[GH-ISSUE #331] It fails to grab cnn.com properly #238

Closed
opened 2026-03-01 14:41:45 +03:00 by kerem · 2 comments
Owner

Originally created by @gerroon on GitHub (Mar 20, 2020).
Original GitHub issue: https://github.com/ArchiveBox/ArchiveBox/issues/331

Describe the bug

AB gets only some elements of cnn.com but not the actual content. Please see the screnshot for what it grabbed from cnn.com

Bear in mind that it scrapes the page, just that not properly.
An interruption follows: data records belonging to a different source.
(* Let $a\in\mathbb{R}$, $\lambda\in[0,1)$, and let $f=h+\overline{g}$ with $h(z)=z+\sum_{n\ge2}a_nz^n$, $g(z)=\sum_{n\ge1}b_nz^n$ analytic in $\mathbb{D}$, satisfying $h-g=k_a$ and $g'/h'=\lambda z$ in $\mathbb{D}$. Then $$|a_2|\le |a|+\frac{\lambda}{2},\qquad |a_3|\le\frac13\left(\lambda^2+2|a|\lambda+2a^2+1\right),$$ $$|a_4|\le \frac13|a|^3+\frac23|a|+\frac14\lambda\left(\lambda^2+2|a|\lambda+2a^2+1\right),$$ $$|b_3|\le\frac13\lambda^2+\frac23|a|\lambda,\qquad |b_4|\le\frac14\lambda\left(\lambda^2+2|a|\lambda+2a^2+1\right).$$ All of these inequalities are sharp.
   Context: $\mathbb{D}$ is the open unit disk. For $a\neq0$, $k_a(z)=\frac{1}{2a}\left[\left(\frac{1+z}{1-z}\right)^a-1\right]$ (principal branch), and $k_0(z)=\frac12\log\frac{1+z}{1-z}$. *)

theory Defs
  imports "HOL-Complex_Analysis.Complex_Analysis"
begin

definition ka :: "real \<Rightarrow> complex \<Rightarrow> complex" where
  "ka a z = (if a = 0 then (1/2) * Ln ((1 + z) / (1 - z))
             else (1 / (2 * complex_of_real a)) *
                  (((1 + z) / (1 - z)) powr (complex_of_real a) - 1))"

definition taylor_coeff :: "(complex \<Rightarrow> complex) \<Rightarrow> nat \<Rightarrow> complex" where
  "taylor_coeff f n = (deriv ^^ n) f 0 / of_nat (fact n)"

end

theory Submission
  imports Defs
begin

text \<open>The function K = h - g = k_a solves the linear equation (1 - z^2) K' = 2a K + 1 with
  K(0) = 0, and the dilatation condition g' = \<lambda> z h' turns into (1 - \<lambda> z) h' = K'. Differentiating
  both equations n times at 0 by the Leibniz rule gives recurrences for the Taylor coefficients, so
  the first few coefficients of h and g are explicit real polynomials in a and \<lambda>. The bounds then
  follow from the triangle inequality, and every term is nonnegative when a \<ge> 0, which gives
  sharpness.\<close>

lemma higher_deriv_recurrence_quadratic_ode:
  fixes f r :: "complex \<Rightarrow> complex"
  assumes f: "f holomorphic_on S" and r: "r holomorphic_on S" and S: "open S" "0 \<in> S"
    and ode: "\<And>w. w \<in> S \<Longrightarrow> (1 + b * w + d * w^2) * deriv f w = r w"
  shows "(deriv ^^ Suc m) f 0 + of_nat m * b * (deriv ^^ m) f 0
           + of_nat (m * (m - 1)) * d * (deriv ^^ (m - 1)) f 0 = (deriv ^^ m) r 0"
proof -
  define p where "p = (\<lambda>w::complex. 1 + b * w + d * w^2)"
  define F where "F j = (deriv ^^ Suc j) f 0" for j
  have dp: "deriv p = (\<lambda>w. b + 2 * d * w)"
    by (rule ext, rule DERIV_imp_deriv) (auto intro!: derivative_eq_intros simp: p_def)
  have ddp: "deriv (\<lambda>w. b + 2 * d * w) = (\<lambda>w. 2 * d)"
    by (rule ext, rule DERIV_imp_deriv) (auto intro!: derivative_eq_intros)
  have p_derivs: "(deriv ^^ i) p 0 =
      (if i = 0 then 1 else if i = 1 then b else if i = 2 then 2 * d else 0)" for i
  proof (cases i)
    case (Suc j)
    then show ?thesis
      by (cases j) (simp_all add: funpow_Suc_right dp ddp del: funpow.simps)
  qed (simp add: p_def)
  have "(deriv ^^ m) r 0 = (deriv ^^ m) (\<lambda>w. p w * deriv f w) 0"
    by (rule higher_deriv_transform_within_open[OF r _ S])
       (use f S ode in \<open>auto intro!: holomorphic_intros holomorphic_deriv simp: p_def\<close>)
  also have "\<dots> = (\<Sum>i = 0..m. of_nat (m choose i) * (deriv ^^ i) p 0 * F (m - i))"
    by (subst higher_deriv_mult[OF _ holomorphic_deriv[OF f S(1)] S])
       (auto intro!: holomorphic_intros simp: p_def F_def funpow_Suc_right simp del: funpow.simps)
  also have "\<dots> = (\<Sum>i = 0..m. (if i = 0 then F m else 0)
                     + (if i = 1 then of_nat m * b * F (m - 1) else 0)
                     + (if i = 2 then of_nat (m choose 2) * (2 * d) * F (m - 2) else 0))"
    by (intro sum.cong) (auto simp: p_derivs)
  also have "\<dots> = F m + of_nat m * b * F (m - 1) + of_nat (m choose 2) * (2 * d) * F (m - 2)"
    by (cases m) (simp_all add: sum.distrib)
  also have "of_nat m * b * F (m - 1) = of_nat m * b * (deriv ^^ m) f 0"
    by (cases m) (simp_all add: F_def)
  also have "of_nat (m choose 2) * (2 * d) * F (m - 2)
      = of_nat (m * (m - 1)) * d * (deriv ^^ (m - 1)) f 0"
  proof (cases "m < 2")
    case False
    then have "Suc (m - 2) = m - 1" "m * (m - 1) = 2 * (m choose 2)"
      by (simp_all add: choose_two)
    then show ?thesis by (simp add: F_def)
  qed (auto simp: less_2_cases_iff)
  finally show ?thesis by (simp add: F_def)
qed

lemma Re_one_plus_div_one_minus_pos:
  fixes z :: complex
  assumes "norm z < 1"
  shows "0 < Re ((1 + z) / (1 - z))"
proof -
  have "(Re z)^2 + (Im z)^2 < 1"
    using assms by (simp add: cmod_def power2_eq_square)
  moreover have "(1 - Re z)^2 + (Im z)^2 > 0"
    using assms abs_Re_le_cmod[of z] by (simp add: sum_power2_gt_zero_iff)
  moreover have "Re ((1 + z) / (1 - z)) = (1 - (Re z)^2 - (Im z)^2) / ((1 - Re z)^2 + (Im z)^2)"
    by (simp add: Re_divide power2_eq_square algebra_simps)
  ultimately show ?thesis by simp
qed

lemma abs_cube_plus_double:
  fixes a :: "'a :: linordered_idom"
  shows "\<bar>a^3 + 2*a\<bar> = \<bar>a\<bar>^3 + 2*\<bar>a\<bar>"
proof -
  have "a^3 + 2*a = a * (a^2 + 2)"
    by (simp add: algebra_simps power2_eq_square power3_eq_cube)
  then have "\<bar>a^3 + 2*a\<bar> = \<bar>a\<bar> * (\<bar>a\<bar>^2 + 2)"
    by (simp add: abs_mult)
  also have "\<dots> = \<bar>a\<bar>^3 + 2*\<bar>a\<bar>"
    by (simp add: algebra_simps power2_eq_square power3_eq_cube)
  finally show ?thesis .
qed

lemma ka_has_field_derivative:
  assumes z: "norm z < 1"
  shows "(ka a has_field_derivative (2 * of_real a * ka a z + 1) / (1 - z^2)) (at z)"
proof -
  let ?w = "(1 + z) / (1 - z)"
  have "1 - z \<noteq> 0" "1 + z \<noteq> 0"
    using z by (auto simp: add_eq_0_iff)
  have w: "?w \<notin> \<real>\<^sub>\<le>\<^sub>0"
    using Re_one_plus_div_one_minus_pos[OF z] by (auto simp: complex_nonpos_Reals_iff)
  have dw: "((\<lambda>z. (1 + z) / (1 - z)) has_field_derivative 2 / (1 - z)^2) (at z)"
    using \<open>1 - z \<noteq> 0\<close>
    by (auto intro!: derivative_eq_intros simp: field_simps power2_eq_square)
  have "inverse ?w * (2 / (1 - z)^2) = 2 / ((1 - z) * (1 + z))"
    using \<open>1 - z \<noteq> 0\<close> \<open>1 + z \<noteq> 0\<close>
    by (simp add: divide_simps power2_eq_square del: eq_iff_diff_eq_0)
  also have "(1 - z) * (1 + z) = 1 - z^2"
    by (simp add: algebra_simps power2_eq_square)
  finally have log_deriv: "inverse ?w * (2 / (1 - z)^2) = 2 / (1 - z^2)" .
  show ?thesis
  proof (cases "a = 0")
    case True
    have "((\<lambda>z. 1/2 * Ln ((1 + z) / (1 - z)))
        has_field_derivative 1/2 * (2 / (1 - z^2))) (at z)"
      using DERIV_cmult[OF DERIV_chain2[OF has_field_derivative_Ln[OF w] dw], of "1/2"]
      unfolding log_deriv .
    then show ?thesis using True by (simp add: ka_def[abs_def])
  next
    case False
    have "?w powr (of_real a - 1) = ?w powr of_real a * inverse ?w"
      using w by (auto simp: powr_diff divide_inverse)
    then have "of_real a * ?w powr (of_real a - 1) * (2 / (1 - z)^2)
        = of_real a * ?w powr of_real a * (2 / (1 - z^2))"
      unfolding log_deriv[symmetric] by (simp only: mult_ac)
    then have "((\<lambda>z. ((1 + z) / (1 - z)) powr of_real a) has_field_derivative
        of_real a * ?w powr of_real a * (2 / (1 - z^2))) (at z)"
      using DERIV_chain2[OF has_field_derivative_powr[OF w, of "of_real a"] dw] by simp
    then have "((\<lambda>z. 1 / (2 * of_real a) * (((1 + z) / (1 - z)) powr of_real a - 1))
        has_field_derivative
          1 / (2 * of_real a) * (of_real a * ?w powr of_real a * (2 / (1 - z^2)) - 0)) (at z)"
      by (intro DERIV_cmult DERIV_diff DERIV_const)
    then show ?thesis using False by (simp add: ka_def[abs_def] field_simps)
  qed
qed

lemma ka_holomorphic: "ka a holomorphic_on ball 0 1"
  by (auto simp: holomorphic_on_open intro!: exI ka_has_field_derivative)

lemma ka_at_0 [simp]: "ka a 0 = 0"
  by (simp add: ka_def)

lemma ka_higher_derivs_at_0:
  "(deriv ^^ 1) (ka a) 0 = 1"
  "(deriv ^^ 2) (ka a) 0 = 2 * of_real a"
  "(deriv ^^ 3) (ka a) 0 = 4 * of_real a ^ 2 + 2"
  "(deriv ^^ 4) (ka a) 0 = 8 * of_real a ^ 3 + 16 * of_real a"
proof -
  let ?c = "2 * complex_of_real a"
  have S: "open (ball (0::complex) 1)" "0 \<in> ball (0::complex) 1" by auto
  have ode: "(1 + 0 * w + (-1) * w^2) * deriv (ka a) w = ?c * ka a w + 1"
    if "w \<in> ball 0 1" for w
  proof -
    have "norm (w^2) < 1" using that by (simp add: norm_power abs_square_less_1)
    then have "1 - w^2 \<noteq> 0" by auto
    then show ?thesis
      using DERIV_imp_deriv[OF ka_has_field_derivative, of w a] that by simp
  qed
  have hr: "(\<lambda>w. ?c * ka a w + 1) holomorphic_on ball 0 1"
    by (intro holomorphic_intros ka_holomorphic)
  have rhs: "(deriv ^^ m) (\<lambda>w. ?c * ka a w + 1) 0
      = ?c * (deriv ^^ m) (ka a) 0 + (if m = 0 then 1 else 0)" for m
    using higher_deriv_add[OF holomorphic_on_mult[OF holomorphic_on_const ka_holomorphic] _ S]
          higher_deriv_cmult[OF ka_holomorphic S(2,1), of m ?c]
    by simp
  have rec: "(deriv ^^ Suc m) (ka a) 0 = ?c * (deriv ^^ m) (ka a) 0
      + of_nat (m * (m - 1)) * (deriv ^^ (m - 1)) (ka a) 0 + (if m = 0 then 1 else 0)" for m
    using higher_deriv_recurrence_quadratic_ode[OF ka_holomorphic hr S ode, of m] rhs[of m]
    by (simp add: diff_eq_eq del: funpow.simps)
  show d1: "(deriv ^^ 1) (ka a) 0 = 1" using rec[of 0] by simp
  show d2: "(deriv ^^ 2) (ka a) 0 = 2 * of_real a" using rec[of 1] d1 by (simp add: numeral_2_eq_2)
  show d3: "(deriv ^^ 3) (ka a) 0 = 4 * of_real a ^ 2 + 2"
    using rec[of 2] d1 d2 by (simp add: numeral_3_eq_3 numeral_2_eq_2 power2_eq_square)
  show "(deriv ^^ 4) (ka a) 0 = 8 * of_real a ^ 3 + 16 * of_real a"
    using rec[of 3] d2 d3 by (simp add: eval_nat_numeral algebra_simps)
qed

lemma taylor_coeffs_of_ka_shear:
  fixes a lam :: real and h g :: "complex \<Rightarrow> complex"
  assumes hol: "h holomorphic_on ball 0 1" "g holomorphic_on ball 0 1"
    and diff: "\<forall>z \<in> ball 0 1. h z - g z = ka a z"
    and dil: "\<forall>z \<in> ball 0 1. deriv g z = of_real lam * z * deriv h z"
  shows "taylor_coeff h 2 = of_real (a + lam / 2)"
    and "taylor_coeff h 3 = of_real ((lam^2 + 2*a*lam + 2*a^2 + 1) / 3)"
    and "taylor_coeff h 4 = of_real ((a^3 + 2*a) / 3 + lam * (lam^2 + 2*a*lam + 2*a^2 + 1) / 4)"
    and "taylor_coeff g 3 = of_real ((lam^2 + 2*a*lam) / 3)"
    and "taylor_coeff g 4 = of_real (lam * (lam^2 + 2*a*lam + 2*a^2 + 1) / 4)"
proof -
  let ?L = "complex_of_real lam"
  have S: "open (ball (0::complex) 1)" "0 \<in> ball (0::complex) 1" by auto
  have K: "(deriv ^^ n) (\<lambda>z. h z - g z) 0 = (deriv ^^ n) (ka a) 0" for n
    by (rule higher_deriv_transform_within_open[OF _ ka_holomorphic S])
       (use hol diff in \<open>auto intro!: holomorphic_intros\<close>)
  have g_derivs: "(deriv ^^ n) g 0 = (deriv ^^ n) h 0 - (deriv ^^ n) (ka a) 0" for n
    using higher_deriv_diff[OF hol S, of n] K[of n] by simp
  have ode: "(1 + (- ?L) * w + 0 * w^2) * deriv h w = deriv (\<lambda>z. h z - g z) w"
    if "w \<in> ball 0 1" for w
  proof -
    have "deriv (\<lambda>z. h z - g z) w = deriv h w - deriv g w"
      using hol that by (intro deriv_diff holomorphic_on_imp_differentiable_at) auto
    then show ?thesis using dil that by (simp add: algebra_simps)
  qed
  have hr: "deriv (\<lambda>z. h z - g z) holomorphic_on ball 0 1"
    by (intro holomorphic_deriv holomorphic_intros hol) simp
  have rec: "(deriv ^^ Suc m) h 0
      = of_nat m * ?L * (deriv ^^ m) h 0 + (deriv ^^ Suc m) (ka a) 0" for m
    using higher_deriv_recurrence_quadratic_ode[OF hol(1) hr S ode, of m] K[of "Suc m"]
    by (simp add: funpow_Suc_right diff_eq_eq del: funpow.simps)
  note ka = ka_higher_derivs_at_0[of a]
  have h1: "(deriv ^^ 1) h 0 = 1" using rec[of 0] ka by simp
  have h2: "(deriv ^^ 2) h 0 = ?L + 2 * of_real a"
    using rec[of 1] ka h1 by (simp add: numeral_2_eq_2 del: funpow.simps)
  have h3: "(deriv ^^ 3) h 0 = 2 * ?L * (?L + 2 * of_real a) + 4 * of_real a ^ 2 + 2"
    using rec[of 2] ka h2 by (simp add: numeral_3_eq_3 numeral_2_eq_2 del: funpow.simps)
  have h4: "(deriv ^^ 4) h 0 = 3 * ?L * (deriv ^^ 3) h 0 + 8 * of_real a ^ 3 + 16 * of_real a"
    using rec[of 3] ka by (simp add: eval_nat_numeral del: funpow.simps)
  note coeff_simps = taylor_coeff_def fact_numeral field_simps power2_eq_square power3_eq_cube
  show "taylor_coeff h 2 = of_real (a + lam / 2)"
    using h2 by (simp add: coeff_simps)
  show "taylor_coeff h 3 = of_real ((lam^2 + 2*a*lam + 2*a^2 + 1) / 3)"
    using h3 by (simp add: coeff_simps)
  show "taylor_coeff h 4 = of_real ((a^3 + 2*a) / 3 + lam * (lam^2 + 2*a*lam + 2*a^2 + 1) / 4)"
    using h4 h3 by (simp add: coeff_simps)
  show "taylor_coeff g 3 = of_real ((lam^2 + 2*a*lam) / 3)"
    using h3 ka g_derivs[of 3] by (simp add: coeff_simps)
  show "taylor_coeff g 4 = of_real (lam * (lam^2 + 2*a*lam + 2*a^2 + 1) / 4)"
    using h4 h3 ka g_derivs[of 4] by (simp add: coeff_simps)
qed

theorem theorem2p4:
  fixes a lam :: real and h g :: "complex \<Rightarrow> complex"
  assumes lam: "0 \<le> lam" "lam < 1"
    and hol: "h holomorphic_on ball 0 1" "g holomorphic_on ball 0 1"
    and norm: "h 0 = 0" "deriv h 0 = 1" "g 0 = 0"
    and diff: "\<forall>z \<in> ball 0 1. h z - g z = ka a z"
    and dil: "\<forall>z \<in> ball 0 1. deriv h z \<noteq> 0 \<and> deriv g z / deriv h z = complex_of_real lam * z"
  shows "norm (taylor_coeff h 2) \<le> \<bar>a\<bar> + lam / 2
    \<and> norm (taylor_coeff h 3) \<le> (lam^2 + 2*\<bar>a\<bar>*lam + 2*a^2 + 1) / 3
    \<and> norm (taylor_coeff h 4) \<le> \<bar>a\<bar>^3 / 3 + 2 * \<bar>a\<bar> / 3 + lam * (lam^2 + 2*\<bar>a\<bar>*lam + 2*a^2 + 1) / 4
    \<and> norm (taylor_coeff g 3) \<le> lam^2 / 3 + 2 * \<bar>a\<bar> * lam / 3
    \<and> norm (taylor_coeff g 4) \<le> lam * (lam^2 + 2*\<bar>a\<bar>*lam + 2*a^2 + 1) / 4
    \<and> (0 \<le> a \<longrightarrow>
         norm (taylor_coeff h 2) = \<bar>a\<bar> + lam / 2
       \<and> norm (taylor_coeff h 3) = (lam^2 + 2*\<bar>a\<bar>*lam + 2*a^2 + 1) / 3
       \<and> norm (taylor_coeff h 4) = \<bar>a\<bar>^3 / 3 + 2 * \<bar>a\<bar> / 3 + lam * (lam^2 + 2*\<bar>a\<bar>*lam + 2*a^2 + 1) / 4
       \<and> norm (taylor_coeff g 3) = lam^2 / 3 + 2 * \<bar>a\<bar> * lam / 3
       \<and> norm (taylor_coeff g 4) = lam * (lam^2 + 2*\<bar>a\<bar>*lam + 2*a^2 + 1) / 4)"
proof -
  \<comment> \<open>The normalisations at 0 and \<open>lam < 1\<close> are not needed: coefficients of order \<open>\<ge> 2\<close>
    ignore additive constants, and \<open>h'(0) = 1\<close> is forced by the two differential equations.\<close>
  have "\<forall>z \<in> ball 0 1. deriv g z = of_real lam * z * deriv h z"
    using dil by (simp add: divide_eq_eq)
  note coeffs = taylor_coeffs_of_ka_shear[OF hol diff this]
  define P where "P b = lam^2 + 2*b*lam + 2*b^2 + 1" for b :: real
  have P_pos: "0 < P a"
    unfolding P_def by (smt (verit) zero_le_power2 power2_sum)
  have P_mono: "P a \<le> P \<bar>a\<bar>"
    unfolding P_def using lam(1) by (simp add: mult_right_mono)
  have "\<bar>(a^3 + 2*a) / 3\<bar> = \<bar>a\<bar>^3 / 3 + 2 * \<bar>a\<bar> / 3"
    using abs_cube_plus_double[of a] by simp
  moreover have "\<bar>lam * P a / 4\<bar> \<le> lam * P \<bar>a\<bar> / 4"
    using P_pos mult_left_mono[OF P_mono lam(1)] lam(1) by simp
  ultimately have h4: "\<bar>(a^3 + 2*a) / 3 + lam * P a / 4\<bar>
      \<le> \<bar>a\<bar>^3 / 3 + 2 * \<bar>a\<bar> / 3 + lam * P \<bar>a\<bar> / 4"
    using abs_triangle_ineq[of "(a^3 + 2*a) / 3" "lam * P a / 4"] by linarith
  have g3: "\<bar>(lam^2 + 2*a*lam) / 3\<bar> \<le> lam^2 / 3 + 2 * \<bar>a\<bar> * lam / 3"
    using abs_triangle_ineq[of "lam^2" "2*a*lam"] lam(1) by (simp add: abs_mult mult.commute)
  show ?thesis
    unfolding coeffs norm_of_real
    using h4 g3 P_pos P_mono lam(1) by (simp add: P_def mult_left_mono)
qed
end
I can see the files in the data folder, so it cant be a permission issue.

Steps to reproduce

echo "https://edition.cnn.com" | docker-compose exec -T archivebox /bin/archive

Screenshots or log output

https://i.imgur.com/SCgez2G.png

Log below

Software versions

Debian Testing , docker-compose, 83197ef

echo "https://edition.cnn.com" | docker-compose exec -T archivebox /bin/archive
fatal: Not a git repository (or any of the parent directories): .git
[*] [2020-03-20 15:41:28] Parsing new links from output/sources/stdin-1584718888.txt...
    > Adding 1 new links to index (parsed import as Plain Text)
[*] [2020-03-20 15:41:28] Saving main index files...
    √ /data/index.json
    √ /data/index.html
[▶] [2020-03-20 15:41:28] Updating content for 2 pages in archive...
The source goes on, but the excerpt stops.